Supplemental Material (URL)
Abstract
  • Introduction: Growth-associated protein 43 (GAP-43) is known as a neuronal plasticity protein because it is widely expressed at high levels in neuronal growth cones during axonal regeneration. GAP-43 expressed in mature adult neurons is functionally important for the neuronal communication of synapses in learning and memory. Brain-derived neurotrophic factor (BDNF) is closely related to neurodegeneration and synaptic plasticity during the aging process. However, the molecular mechanisms regulating neurodegeneration and synaptic plasticity underlying the pathogenesis and progression of Alzheimer's disease (AD) still remain incompletely understood. Methods: Remarkably, the expressions of GAP-43 and BDNF perfectly match in various neurons in the Human Brain Atlas database.
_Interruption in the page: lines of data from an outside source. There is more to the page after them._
(* If $\Gamma_G$ is population monotonic, then $G$ has no subgraph isomorphic to the complete graph $K_4$ (equivalently, no induced subgraph isomorphic to $K_4$).
   Context: $G=(V,E;w)$ is a finite simple graph with edge weights $w:E\to\mathbb{R}$, $w_e>0$ for all $e\in E$. The matching game on $G$ is the cooperative game $\Gamma_G=(N,\gamma)$ with player set $N=V$ and, for $S\subseteq N$, $\gamma(S)$ equal to the maximum weight of a matching in the induced subgraph $G[S]$ (so $\gamma(\emptyset)=0$). A population monotonic allocation scheme (PMAS) is a family $(\boldsymbol{x}_S)_{\emptyset\neq S\subseteq N}$ with $\boldsymbol{x}_S=(x_{S,i})_{i\in S}\in\mathbb{R}^S$ such that (efficiency) $\sum_{i\in S}x_{S,i}=\gamma(S)$ for every nonempty $S\subseteq N$, and (monotonicity) $x_{S,i}\le x_{T,i}$ whenever $\emptyset\ne S\subseteq T\subseteq N$ and $i\in S$. $\Gamma_G$ is called population monotonic if it admits a PMAS. *)

theory Defs
  imports Complex_Main
begin

definition simple_graph :: "'a set \<Rightarrow> 'a set set \<Rightarrow> bool" where
  "simple_graph V E \<longleftrightarrow> finite V \<and> (\<forall>e\<in>E. \<exists>u v. e = {u, v} \<and> u \<noteq> v \<and> u \<in> V \<and> v \<in> V)"

definition matching_in :: "'a set set \<Rightarrow> 'a set \<Rightarrow> 'a set set \<Rightarrow> bool" where
  "matching_in E S M \<longleftrightarrow> M \<subseteq> E \<and> (\<forall>e\<in>M. e \<subseteq> S)
      \<and> (\<forall>e\<in>M. \<forall>f\<in>M. e \<noteq> f \<longrightarrow> e \<inter> f = {})"

definition match_value :: "'a set set \<Rightarrow> ('a set \<Rightarrow> real) \<Rightarrow> 'a set \<Rightarrow> real" where
  "match_value E w S = Max {sum w M | M. matching_in E S M}"

text \<open>Population monotonic allocation scheme: x S i is the payoff to i in coalition S.\<close>

definition is_PMAS :: "'a set \<Rightarrow> 'a set set \<Rightarrow> ('a set \<Rightarrow> real) \<Rightarrow> ('a set \<Rightarrow> 'a \<Rightarrow> real) \<Rightarrow> bool" where
  "is_PMAS V E w x \<longleftrightarrow>
     (\<forall>S. S \<subseteq> V \<and> S \<noteq> {} \<longrightarrow> (\<Sum>i\<in>S. x S i) = match_value E w S)
   \<and> (\<forall>S T i. S \<noteq> {} \<and> S \<subseteq> T \<and> T \<subseteq> V \<and> i \<in> S \<longrightarrow> x S i \<le> x T i)"

definition population_monotonic :: "'a set \<Rightarrow> 'a set set \<Rightarrow> ('a set \<Rightarrow> real) \<Rightarrow> bool" where
  "population_monotonic V E w \<longleftrightarrow> (\<exists>x. is_PMAS V E w x)"

end

theory Submission
  imports Defs
begin

text \<open>Call u the claimant of an edge uv when in the two-player coalition uv it receives at least
  the full weight of the edge. Efficiency on uv and positive weights make this asymmetric. In a
  triangle ijk whose value is at most w ij, monotonicity from the three edges into the triangle
  forces x ijk k \<le> 0, so i and j claim their edges towards k while neither claims ij: every
  triangle has a sink with an unclaimed base. No asymmetric relation on the four vertices of a
  K4 has this property, which rules out K4 in a population monotonic matching game.\<close>

lemma finite_matchings:
  assumes "finite S"
  shows "finite {M. matching_in E S M}"
proof -
  have "{M. matching_in E S M} \<subseteq> Pow (Pow S)"
    unfolding matching_in_def by auto
  then show ?thesis
    using assms by (meson finite_Pow_iff finite_subset)
qed

lemma match_value_le:
  assumes "finite S" and "\<And>M. matching_in E S M \<Longrightarrow> sum w M \<le> c"
  shows "match_value E w S \<le> c"
proof -
  have "matching_in E S {}"
    unfolding matching_in_def by simp
  then show ?thesis
    unfolding match_value_def Setcompr_eq_image
    using finite_matchings[OF assms(1)] assms(2) by (subst Max_le_iff) auto
qed

lemma match_value_ge:
  assumes "finite S" and "matching_in E S M"
  shows "sum w M \<le> match_value E w S"
  unfolding match_value_def Setcompr_eq_image
  using finite_matchings[OF assms(1)] assms(2) by (intro Max_ge) auto

lemma edge_subset_vertices: "simple_graph V E \<Longrightarrow> e \<in> E \<Longrightarrow> e \<subseteq> V"
  unfolding simple_graph_def by force

lemma edge_within:
  assumes "simple_graph V E" and "f \<in> E" and "f \<subseteq> S"
  obtains p q where "f = {p, q}" and "p \<noteq> q" and "p \<in> S" and "q \<in> S"
proof -
  obtain p q where "f = {p, q}" and "p \<noteq> q"
    using assms(1,2) unfolding simple_graph_def by blast
  with assms(3) show thesis
    using that by simp
qed

lemma match_value_edge:
  assumes g: "simple_graph V E" and nonneg: "\<forall>e\<in>E. w e \<ge> 0" and uv: "{u, v} \<in> E"
  shows "match_value E w {u, v} = w {u, v}"
proof (rule antisym)
  show "match_value E w {u, v} \<le> w {u, v}"
  proof (rule match_value_le)
    fix M
    assume M: "matching_in E {u, v} M"
    have "M \<subseteq> {{u, v}}"
    proof
      fix f
      assume "f \<in> M"
      then have "f \<in> E" and "f \<subseteq> {u, v}"
        using M unfolding matching_in_def by auto
      then show "f \<in> {{u, v}}"
        using g by (elim edge_within) auto
    qed
    then have "M = {} \<or> M = {{u, v}}"
      by auto
    then show "sum w M \<le> w {u, v}"
      using nonneg uv by auto
  qed simp
next
  have "matching_in E {u, v} {{u, v}}"
    using uv unfolding matching_in_def by simp
  from match_value_ge[OF _ this] show "w {u, v} \<le> match_value E w {u, v}"
    by simp
qed

lemma matching_in_triangle:
  assumes g: "simple_graph V E" and M: "matching_in E {i, j, k} M"
  shows "M = {} \<or> (\<exists>f\<in>{{i, j}, {i, k}, {j, k}}. M = {f})"
proof -
  have sides: "f \<in> {{i, j}, {i, k}, {j, k}}" if "f \<in> M" for f
  proof -
    have "f \<in> E" and "f \<subseteq> {i, j, k}"
      using M \<open>f \<in> M\<close> unfolding matching_in_def by auto
    then show ?thesis
      using g by (elim edge_within) (auto simp: insert_commute)
  qed
  have "f = h" if "f \<in> M" and "h \<in> M" for f h
  proof (rule ccontr)
    assume "f \<noteq> h"
    then have "f \<inter> h = {}"
      using M that unfolding matching_in_def by blast
    with \<open>f \<noteq> h\<close> sides[OF \<open>f \<in> M\<close>] sides[OF \<open>h \<in> M\<close>] show False
      by auto
  qed
  then show ?thesis
    using sides by blast
qed

lemma match_value_triangle_le:
  assumes g: "simple_graph V E" and nonneg: "\<forall>e\<in>E. w e \<ge> 0" and ij: "{i, j} \<in> E"
  shows "match_value E w {i, j, k} \<le> max (w {i, j}) (max (w {i, k}) (w {j, k}))"
proof (rule match_value_le)
  fix M
  assume "matching_in E {i, j, k} M"
  then show "sum w M \<le> max (w {i, j}) (max (w {i, k}) (w {j, k}))"
    using matching_in_triangle[OF g] nonneg ij by fastforce
qed simp

lemma is_PMAS_efficient:
  assumes "is_PMAS V E w x" and "S \<subseteq> V" and "S \<noteq> {}"
  shows "(\<Sum>i\<in>S. x S i) = match_value E w S"
  using assms unfolding is_PMAS_def by blast

lemma is_PMAS_monotone:
  assumes "is_PMAS V E w x" and "S \<noteq> {}" and "S \<subseteq> T" and "T \<subseteq> V" and "i \<in> S"
  shows "x S i \<le> x T i"
  using assms unfolding is_PMAS_def by blast

lemma is_PMAS_edge:
  assumes g: "simple_graph V E" and nonneg: "\<forall>e\<in>E. w e \<ge> 0" and P: "is_PMAS V E w x"
    and uv: "{u, v} \<in> E" and "u \<noteq> v"
  shows "x {u, v} u + x {u, v} v = w {u, v}"
  using is_PMAS_efficient[OF P edge_subset_vertices[OF g uv]] match_value_edge[OF g nonneg uv]
    \<open>u \<noteq> v\<close> by simp

definition claims_edge :: "('a set \<Rightarrow> 'a \<Rightarrow> real) \<Rightarrow> ('a set \<Rightarrow> real) \<Rightarrow> 'a \<Rightarrow> 'a \<Rightarrow> bool"
  where "claims_edge x w u v \<longleftrightarrow> w {u, v} \<le> x {u, v} u"

definition triangle_sink :: "('v \<Rightarrow> 'v \<Rightarrow> bool) \<Rightarrow> 'v \<Rightarrow> 'v \<Rightarrow> 'v \<Rightarrow> bool"
  where "triangle_sink r i j k \<longleftrightarrow> r i k \<and> r j k \<and> \<not> r i j \<and> \<not> r j i"

lemma claims_edge_asym:
  assumes g: "simple_graph V E" and pos: "\<forall>e\<in>E. w e > 0" and P: "is_PMAS V E w x"
    and uv: "{u, v} \<in> E" and "u \<noteq> v"
  shows "\<not> (claims_edge x w u v \<and> claims_edge x w v u)"
proof -
  have "x {u, v} u + x {u, v} v = w {u, v}"
    using is_PMAS_edge[OF g _ P uv \<open>u \<noteq> v\<close>] pos by (simp add: less_imp_le)
  moreover have "w {u, v} > 0"
    using pos uv by blast
  ultimately show ?thesis
    unfolding claims_edge_def by (simp add: insert_commute)
qed

lemma triangle_sink_of_light_base:
  assumes g: "simple_graph V E" and pos: "\<forall>e\<in>E. w e > 0" and P: "is_PMAS V E w x"
    and ij: "{i, j} \<in> E" and ik: "{i, k} \<in> E" and jk: "{j, k} \<in> E"
    and distinct: "distinct [i, j, k]"
    and light: "match_value E w {i, j, k} \<le> w {i, j}"
  shows "triangle_sink (claims_edge x w) i j k"
proof -
  let ?T = "{i, j, k}"
  have nonneg: "\<forall>e\<in>E. w e \<ge> 0"
    using pos by (simp add: less_imp_le)
  have T: "?T \<subseteq> V"
    using edge_subset_vertices[OF g ij] edge_subset_vertices[OF g ik] by auto
  have sum_T: "x ?T i + x ?T j + x ?T k \<le> w {i, j}"
    using is_PMAS_efficient[OF P T] distinct light by simp
  have mono: "x S l \<le> x ?T l" if "S \<subseteq> ?T" and "l \<in> S" for S l
    using is_PMAS_monotone[OF P _ that(1) T that(2)] that(2) by blast
  have "x {i, j} i \<le> x ?T i" "x {i, j} j \<le> x ?T j"
       "x {i, k} i \<le> x ?T i" "x {i, k} k \<le> x ?T k"
       "x {j, k} j \<le> x ?T j" "x {j, k} k \<le> x ?T k"
    by (auto intro: mono)
  moreover have "x {i, j} i + x {i, j} j = w {i, j}"
    "x {i, k} i + x {i, k} k = w {i, k}" "x {j, k} j + x {j, k} k = w {j, k}"
    using is_PMAS_edge[OF g nonneg P] ij ik jk distinct by auto
  moreover have "w {i, k} > 0" "w {j, k} > 0"
    using pos ik jk by auto
  ultimately show ?thesis
    using sum_T unfolding triangle_sink_def claims_edge_def by (simp add: insert_commute)
qed

lemma triangle_has_sink:
  assumes g: "simple_graph V E" and pos: "\<forall>e\<in>E. w e > 0" and P: "is_PMAS V E w x"
    and ij: "{i, j} \<in> E" and ik: "{i, k} \<in> E" and jk: "{j, k} \<in> E"
    and distinct: "distinct [i, j, k]"
  shows "triangle_sink (claims_edge x w) i j k \<or> triangle_sink (claims_edge x w) i k j
    \<or> triangle_sink (claims_edge x w) j k i"
proof -
  note light = triangle_sink_of_light_base[OF g pos P]
  have "match_value E w {i, j, k} \<le> max (w {i, j}) (max (w {i, k}) (w {j, k}))"
    using match_value_triangle_le[OF g _ ij] pos by (simp add: less_imp_le)
  then consider "match_value E w {i, j, k} \<le> w {i, j}"
    | "match_value E w {i, k, j} \<le> w {i, k}"
    | "match_value E w {j, k, i} \<le> w {j, k}"
    by (auto simp: max_def insert_commute split: if_splits)
  then show ?thesis
  proof cases
    case 1
    then show ?thesis using light[OF ij ik jk] distinct by blast
  next
    case 2
    have "{k, j} \<in> E"
      using jk by (simp add: insert_commute)
    from light[OF ik ij this] 2 distinct show ?thesis by auto
  next
    case 3
    have "{j, i} \<in> E" "{k, i} \<in> E"
      using ij ik by (simp_all add: insert_commute)
    from light[OF jk this] 3 distinct show ?thesis by auto
  qed
qed

text \<open>Each triangle contains exactly one edge claimed by neither end, namely the base of its
  sink, and each edge lies in two triangles, so there are two such edges and they are disjoint,
  say ab and cd. Then c is the sink of abc and a the sink of acd, so a and c both claim ac.\<close>

lemma K4_has_no_asymmetric_sink_relation:
  assumes "distinct [a, b, c, d]"
    and asym: "\<And>u v. u \<in> {a, b, c, d} \<Longrightarrow> v \<in> {a, b, c, d} \<Longrightarrow> u \<noteq> v \<Longrightarrow> \<not> (r u v \<and> r v u)"
    and sink: "\<And>i j k. {i, j, k} \<subseteq> {a, b, c, d} \<Longrightarrow> distinct [i, j, k] \<Longrightarrow>
      triangle_sink r i j k \<or> triangle_sink r i k j \<or> triangle_sink r j k i"
  shows False
proof -
  have "\<not> (r a b \<and> r b a)" "\<not> (r a c \<and> r c a)" "\<not> (r a d \<and> r d a)"
    "\<not> (r b c \<and> r c b)" "\<not> (r b d \<and> r d b)" "\<not> (r c d \<and> r d c)"
    using assms(1) asym by simp_all
  moreover have "triangle_sink r a b c \<or> triangle_sink r a c b \<or> triangle_sink r b c a"
    "triangle_sink r a b d \<or> triangle_sink r a d b \<or> triangle_sink r b d a"
    "triangle_sink r a c d \<or> triangle_sink r a d c \<or> triangle_sink r c d a"
    "triangle_sink r b c d \<or> triangle_sink r b d c \<or> triangle_sink r c d b"
    using assms(1) by (simp_all add: sink)
  ultimately show False
    unfolding triangle_sink_def by sat
qed

theorem mainTheorem9:
  fixes V :: "'a set" and E :: "'a set set" and w :: "'a set \<Rightarrow> real"
  assumes "simple_graph V E"
    and "\<forall>e\<in>E. w e > 0"
    and "population_monotonic V E w"
  shows "\<not> (\<exists>a b c d. distinct [a, b, c, d]
              \<and> {a, b} \<in> E \<and> {a, c} \<in> E \<and> {a, d} \<in> E
              \<and> {b, c} \<in> E \<and> {b, d} \<in> E \<and> {c, d} \<in> E)"
proof
  assume "\<exists>a b c d. distinct [a, b, c, d]
              \<and> {a, b} \<in> E \<and> {a, c} \<in> E \<and> {a, d} \<in> E
              \<and> {b, c} \<in> E \<and> {b, d} \<in> E \<and> {c, d} \<in> E"
  then obtain a b c d where abcd: "distinct [a, b, c, d]"
    and "{a, b} \<in> E" "{a, c} \<in> E" "{a, d} \<in> E" "{b, c} \<in> E" "{b, d} \<in> E" "{c, d} \<in> E"
    by blast
  then have edge: "{u, v} \<in> E" if "u \<in> {a, b, c, d}" "v \<in> {a, b, c, d}" "u \<noteq> v" for u v
    using that by (auto simp: insert_commute)
  obtain x where P: "is_PMAS V E w x"
    using assms(3) unfolding population_monotonic_def by blast
  show False
  proof (rule K4_has_no_asymmetric_sink_relation[OF abcd, where r = "claims_edge x w"])
    show "\<not> (claims_edge x w u v \<and> claims_edge x w v u)"
      if "u \<in> {a, b, c, d}" "v \<in> {a, b, c, d}" "u \<noteq> v" for u v
      using claims_edge_asym[OF assms(1,2) P edge[OF that] \<open>u \<noteq> v\<close>] .
    show "triangle_sink (claims_edge x w) i j k \<or> triangle_sink (claims_edge x w) i k j
        \<or> triangle_sink (claims_edge x w) j k i"
      if "{i, j, k} \<subseteq> {a, b, c, d}" "distinct [i, j, k]" for i j k
      using that by (intro triangle_has_sink[OF assms(1,2) P] edge) auto
  qed
qed

end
Moreover, GAP-43 and BDNF are highly expressed in a healthy adults' hippocampus brain region and are inversely correlated with the amyloid beta (Aβ), which is the pathological peptide of amyloid plaques found in the brains of patients with AD. Results: These data led us to investigate the impact of the direct molecular interaction between GAP-43 and BDNF in hippocampal neuron fate. In this study, we show that GAP-43 and BDNF are inversely associated with pathological molecules for AD (Tau and Aβ). In addition, we define the three-dimensional protein structure for GAP-43 and BDNF, including the predictive direct binding sites via analysis using ClusPro 2.0, and demonstrate that the deprivation of GAP-43 and BDNF triggers hippocampal neuronal death and memory dysfunction, employing the GAP-43 or BDNF knock-down cellular models and 5XFAD mice. Conclusion: These results show that GAP-43 and BDNF are direct binding partners in hippocampal neurons and that their molecular signaling might be potential therapeutic targets for AD.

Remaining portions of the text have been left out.